Bill Addresses HealthCare.gov Privacy IssueWould Give Consumers More Control Over Profile Data
The Healthcare Consumer Privacy Act, H.R. 5610, introduced last week by Rep. Robert Hurt, R-Va. and Rep. John Barrow D-Ga., proposes that the Affordable Care Act, commonly known as Obamacare, be amended to allow consumers to remove their profiles on HealthCare.gov if they choose not to enroll in coverage offered on federally facilitated exchanges.
HealthCare.gov facilitates the online health insurance exchanges for more than 30 states under the Affordable Care Act, more commonly known as Obamacare. The website and its systems were plagued by serious technical issues for many weeks after HealthCare.gov launched for open enrollment on Oct. 1. 2013. Since then, HealthCare.gov has been the subject of multiple Congressional hearings, including some that focused on data security and privacy issues.
The proposed legislation comes in the wake of Department of Health and Human Services officials on Sept. 4 revealing a July hacking incident involving malware uploaded on a HealthCare.gov test server. The malware was designed to launch a distributed-denial-of-service attack against other websites when activated and not designed to exfiltrate personally identifiable information, HHS officials say. No consumer data was exposed in the incident, according to HHS (see HealthCare.Gov Server Hacked).
Power to the People
Hurt tells Information Security Media Group that he decided to introduce the bill after a constituent contacted his office to express concern over the fact that he was unable to delete his profile from HealthCare.gov. "Even though [the constituent] ultimately decided not to sign up for healthcare coverage, he still could not remove his profile from the site," he says. "We followed up with HHS and reiterated his request, but we were also told applicants could delete applications but could not remove all of their information from the system."
After hearing of similar complaints from other consumers, "we continued to press HHS for answers but received no justification for this policy. It became clear that legislative action would be necessary to ensure that Americans can protect their personal information," Hurt says.
Neither Barrow nor HHS' Centers for Medicare and Medicaid Services, which oversees HealthCare.gov, responded to ISMG's request for comment on the proposed legislation.
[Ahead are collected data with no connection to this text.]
(* Let $n\ge 1$, $d_1,\dots,d_n\ge 1$, $L_i\in\mathbb{C}^{d_i\times d_i}$ ($i=1,\dots,n$) and $C_{i,i-1}\in\mathbb{C}^{d_i\times d_{i-1}}$ ($i=2,\dots,n$). Assume: (i) each $L_i$ is invertible and diagonalizable, $L_iV_i=V_i\Lambda_i$ with $V_i$ invertible and $\Lambda_i=\mathrm{diag}(\lambda_{i,1},\dots,\lambda_{i,d_i})$; (ii) $\sigma(L_i)\cap\sigma(L_j)=\emptyset$ for all $i\neq j$; (iii) $\|L_1\|<\|L_2\|<\cdots<\|L_n\|\le 1$. Let $\mathsf{NonLin}(x_1,\dots,x_n)=(L_1x_1+N_1(x_1),\;L_2x_2+C_{2,1}x_1+N_2(x_1,x_2),\;\dots,\;L_nx_n+C_{n,n-1}x_{n-1}+N_n(x_{n-1},x_n))$ for some maps $N_1:\mathbb{C}^{d_1}\to\mathbb{C}^{d_1}$, $N_i:\mathbb{C}^{d_{i-1}}\times\mathbb{C}^{d_i}\to\mathbb{C}^{d_i}$, and let $\tau$ be a homeomorphism of $\mathbb{C}^{d_1}\times\cdots\times\mathbb{C}^{d_n}$ with $\mathsf{Lin}=\tau^{-1}\circ\mathsf{NonLin}\circ\tau$. Then for every $i\in\{1,\dots,n\}$, $s_i\in\{1,\dots,d_i\}$ and $y\in\mathbb{C}^{d_1}\times\cdots\times\mathbb{C}^{d_n}$, $$\lim_{t\to\infty}\frac{\Big|(\Psi_{i,s_i}\circ\tau^{-1})\big(\mathsf{NonLin}^{\circ t}(y)\big)-(\Psi_{i,s_i}\circ\tau^{-1})\Big((\tau\circ\mathsf{Nom}\circ\tau^{-1})^{\circ t}\big((\tau\circ\mathsf{pert}\circ\tau^{-1})(y)\big)\Big)\Big|}{\|L_i\|^t}=0,$$ i.e. $|\mathcal U_{\mathsf{NonLin}}^{\circ t}(\Psi_{i,s_i}\circ\tau^{-1})(y)-\mathcal U_{\tau\circ\mathsf{Nom}\circ\tau^{-1}}^{\circ t}(\Psi_{i,s_i}\circ\tau^{-1})((\tau\circ\mathsf{pert}\circ\tau^{-1})(y))|/\|L_i\|^t\to 0$, where $\mathcal U_F f=f\circ F$.
   Context: Each $\mathbb{C}^{d_i}$ carries a fixed norm, matrices carry the induced operator norm. $\mathsf{Lin}(x_1,\dots,x_n)=(L_1x_1,\;L_2x_2+C_{2,1}x_1,\;\dots,\;L_nx_n+C_{n,n-1}x_{n-1})$, $\mathsf{Nom}(x_1,\dots,x_n)=(L_1x_1,\dots,L_nx_n)$, $\mathsf{F}^{\circ t}$ is the $t$-fold iterate. $\psi_{i,s}(x_i)=\hat e_s^{*}V_i^{-1}x_i$ ($\hat e_s$ the $s$-th standard basis vector of $\mathbb{C}^{d_i}$) and $\Psi_{i,s}(x_1,\dots,x_n)=\psi_{i,s}(x_i)$. Matrices $D_{i,j}$ ($1\le j\le i\le n$) are defined recursively in $i$: $D_{i,i}=I_{d_i}$; for $i\ge 2$, $1\le j\le i-1$, $[\tilde C_{i,j}]_{\ell,m}=[V_i^{-1}C_{i,i-1}D_{i-1,j}V_j]_{\ell,m}(1-\lambda_{j,m}/\lambda_{i,\ell})^{-1}$ and $D_{i,j}=L_i^{-1}V_i\tilde C_{i,j}V_j^{-1}$. Define $\mathsf{pert}_1(x_1)=x_1$, $\mathsf{pert}_i(x_1,\dots,x_i)=x_i+\sum_{j=1}^{i-1}(-1)^{i-1-j}D_{i,j}\mathsf{pert}_j(x_1,\dots,x_j)$ for $i\ge2$, and $\mathsf{pert}(x)=(\mathsf{pert}_1(x_1),\dots,\mathsf{pert}_n(x_1,\dots,x_n))$. *)

theory Defs
  imports Complex_Main "Jordan_Normal_Form.Spectral_Radius"
begin

text \<open>Blocks are indexed by i in {1..n}; coordinates inside a block
  C^(d i) are 0-based (JNF vectors), so the paper's s in {1..d_i} is s in {0..<d i}.
  A point of C^(d 1) x ... x C^(d n) is a function x :: nat => complex vec with
  x i in carrier_vec (d i) for i in {1..n} and x i = 0_v 0 otherwise.\<close>

definition prodsp :: "nat \<Rightarrow> (nat \<Rightarrow> nat) \<Rightarrow> (nat \<Rightarrow> complex vec) set" where
  "prodsp n d = {x. (\<forall>i\<in>{1..n}. x i \<in> carrier_vec (d i)) \<and> (\<forall>i. i \<notin> {1..n} \<longrightarrow> x i = 0\<^sub>v 0)}"

definition is_vnorm :: "nat \<Rightarrow> (complex vec \<Rightarrow> real) \<Rightarrow> bool" where
  "is_vnorm d N \<longleftrightarrow>
     (\<forall>v\<in>carrier_vec d. 0 \<le> N v \<and> (N v = 0 \<longleftrightarrow> v = 0\<^sub>v d)) \<and>
     (\<forall>c. \<forall>v\<in>carrier_vec d. N (c \<cdot>\<^sub>v v) = cmod c * N v) \<and>
     (\<forall>v\<in>carrier_vec d. \<forall>w\<in>carrier_vec d. N (v + w) \<le> N v + N w)"

definition op_norm :: "nat \<Rightarrow> (complex vec \<Rightarrow> real) \<Rightarrow> complex mat \<Rightarrow> real" where
  "op_norm d N A = Sup ((\<lambda>v. N (A *\<^sub>v v)) ` {v \<in> carrier_vec d. N v = 1})"

definition minv :: "nat \<Rightarrow> complex mat \<Rightarrow> complex mat" where
  "minv d A = (SOME B. B \<in> carrier_mat d d \<and> A * B = 1\<^sub>m d \<and> B * A = 1\<^sub>m d)"

definition diag_of :: "nat \<Rightarrow> (nat \<Rightarrow> complex) \<Rightarrow> complex mat" where
  "diag_of d f = mat d d (\<lambda>(l, m). if l = m then f l else 0)"

definition distX :: "nat \<Rightarrow> (nat \<Rightarrow> nat) \<Rightarrow> (nat \<Rightarrow> complex vec) \<Rightarrow> (nat \<Rightarrow> complex vec) \<Rightarrow> real" where
  "distX n d x y = (\<Sum>i\<in>{1..n}. \<Sum>k<d i. cmod (x i $ k - y i $ k))"

definition contX :: "nat \<Rightarrow> (nat \<Rightarrow> nat) \<Rightarrow> ((nat \<Rightarrow> complex vec) \<Rightarrow> (nat \<Rightarrow> complex vec)) \<Rightarrow> bool" where
  "contX n d f \<longleftrightarrow> (\<forall>x\<in>prodsp n d. \<forall>e>0. \<exists>\<delta>>0. \<forall>y\<in>prodsp n d.
      distX n d x y < \<delta> \<longrightarrow> distX n d (f x) (f y) < e)"

definition homeoX :: "nat \<Rightarrow> (nat \<Rightarrow> nat) \<Rightarrow> ((nat \<Rightarrow> complex vec) \<Rightarrow> (nat \<Rightarrow> complex vec))
     \<Rightarrow> ((nat \<Rightarrow> complex vec) \<Rightarrow> (nat \<Rightarrow> complex vec)) \<Rightarrow> bool" where
  "homeoX n d f g \<longleftrightarrow>
     (\<forall>x\<in>prodsp n d. f x \<in> prodsp n d) \<and> (\<forall>y\<in>prodsp n d. g y \<in> prodsp n d) \<and>
     (\<forall>x\<in>prodsp n d. g (f x) = x) \<and> (\<forall>y\<in>prodsp n d. f (g y) = y) \<and>
     contX n d f \<and> contX n d g"

definition Lin :: "nat \<Rightarrow> (nat \<Rightarrow> complex mat) \<Rightarrow> (nat \<Rightarrow> complex mat) \<Rightarrow> (nat \<Rightarrow> complex vec) \<Rightarrow> (nat \<Rightarrow> complex vec)" where
  "Lin n L C x = (\<lambda>i. if i \<in> {1..n} then
       (if i = 1 then L 1 *\<^sub>v x 1 else L i *\<^sub>v x i + C i *\<^sub>v x (i - 1))
     else 0\<^sub>v 0)"

definition Nom :: "nat \<Rightarrow> (nat \<Rightarrow> complex mat) \<Rightarrow> (nat \<Rightarrow> complex vec) \<Rightarrow> (nat \<Rightarrow> complex vec)" where
  "Nom n L x = (\<lambda>i. if i \<in> {1..n} then L i *\<^sub>v x i else 0\<^sub>v 0)"

definition NonLin :: "nat \<Rightarrow> (nat \<Rightarrow> complex mat) \<Rightarrow> (nat \<Rightarrow> complex mat) \<Rightarrow> (complex vec \<Rightarrow> complex vec)
     \<Rightarrow> (nat \<Rightarrow> complex vec \<Rightarrow> complex vec \<Rightarrow> complex vec) \<Rightarrow> (nat \<Rightarrow> complex vec) \<Rightarrow> (nat \<Rightarrow> complex vec)" where
  "NonLin n L C N1 N x = (\<lambda>i. if i \<in> {1..n} then
       (if i = 1 then L 1 *\<^sub>v x 1 + N1 (x 1)
        else L i *\<^sub>v x i + C i *\<^sub>v x (i - 1) + N i (x (i - 1)) (x i))
     else 0\<^sub>v 0)"

definition Psi :: "(nat \<Rightarrow> nat) \<Rightarrow> (nat \<Rightarrow> complex mat) \<Rightarrow> nat \<Rightarrow> nat \<Rightarrow> (nat \<Rightarrow> complex vec) \<Rightarrow> complex" where
  "Psi d V i s x = (minv (d i) (V i) *\<^sub>v x i) $ s"

text \<open>The matrices D_(i,j), recursively in i (only meaningful for 1 <= j <= i).\<close>
primrec Dm :: "(nat \<Rightarrow> nat) \<Rightarrow> (nat \<Rightarrow> complex mat) \<Rightarrow> (nat \<Rightarrow> complex mat) \<Rightarrow> (nat \<Rightarrow> complex mat)
     \<Rightarrow> (nat \<Rightarrow> nat \<Rightarrow> complex) \<Rightarrow> nat \<Rightarrow> nat \<Rightarrow> complex mat" where
  "Dm d L C V lam 0 j = 1\<^sub>m (d 0)"
| "Dm d L C V lam (Suc k) j =
     (if j = Suc k then 1\<^sub>m (d (Suc k))
      else (let i = Suc k;
                M = minv (d i) (V i) * C i * Dm d L C V lam k j * V j;
                Ct = mat (d i) (d j) (\<lambda>(l, m). M $$ (l, m) * inverse (1 - lam j m / lam i l))
            in minv (d i) (L i) * V i * Ct * minv (d j) (V j)))"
Both Hurt and Barrow are running for re-election to Congress in the November mid-term elections.
The bill, which has been referred to the House Committee on Energy and Commerce, calls on HHS "to create a mechanism that enables individuals to delete their profile and all of the associated personal information retained in the HealthCare.gov system," Hurt says.
Watch Dog Scrutiny
In addition to the recent hacking incident involving the HealthCare.gov test server, Hurt notes that the Government Accountability Office in September released a study detailing several privacy and security risks at the site's launch, almost a full year ago, that had not yet been fixed. "The GAO reported that there are still serious risks of unauthorized access, disclosure, and modification to all information collected and maintained by this website," he says.
In testimony before a Sept. 18 House Committee on Oversight and Government Reform hearing, CMS Administrator Marilyn Tavenner said CMS would carry out 22 technical and six executive action recommendations by GAO for addressing HealthCare.gov security weaknesses. She said those recommendations, which include end-to-end security testing of HealthCare.gov, would be carried out before the next open enrollment period for the Affordable Care Act launches on Nov. 15 (see HealthCare.gov Security Fixes Promised).
That GAO security study was followed by a report released by the HHS Office of Inspector general that gave a mixed review of HealthCare.gov security and highlighted one "critical vulnerability" that CMS says has since been addressed (see OIG Finds HealthCare.gov Vulnerability).
The proposed privacy amendment to allow consumers to delete their profiles on HealthCare.gov is technically feasible for implementation, if policymakers choose to support it, says Curt Kwak, the former CIO at the Washington state insurance exchange for Obamacare.
"Data and record retention is a critical component in healthcare, from HIPAA and legal perspectives," says Kwak, who in July joined Seattle, Wash.-based surgical practice, Proliance Surgeons, as its CIO. "Technically, anything can be done to align with the policy, including addition and deletion of data, as well as archival and recovery," he says.
"As an example, the Washington exchange had a process of 'deactivating' accounts in the system after 90 days of inactivity. This was in place to clean out the system from bogus accounts or test accounts, he says. "However, this is also related to the policy of the organization. Once deactivated, the organization can make a decision to permanently delete the account and all associated records, or just keep things deactivated," he adds, noting that his comments are "based on my experiences from my previous role at the [Washington state] exchange and may or may not be aligned with their current state." Kwak served as CIO at the Washington Health Benefit Exchange for two years, including during its inaugural open enrollment season last year.
Regarding other ways that consumers can get better assurance about the privacy of personal data entered onto the Obamacare websites, Kwak says consumer education around how the data will be used would be helpful. "There needs to be trust that the data will be used to deliver the service that they expect and also that the data in the system are safe and in trusted hands, per design and also per requirements from CMS and other federal agencies."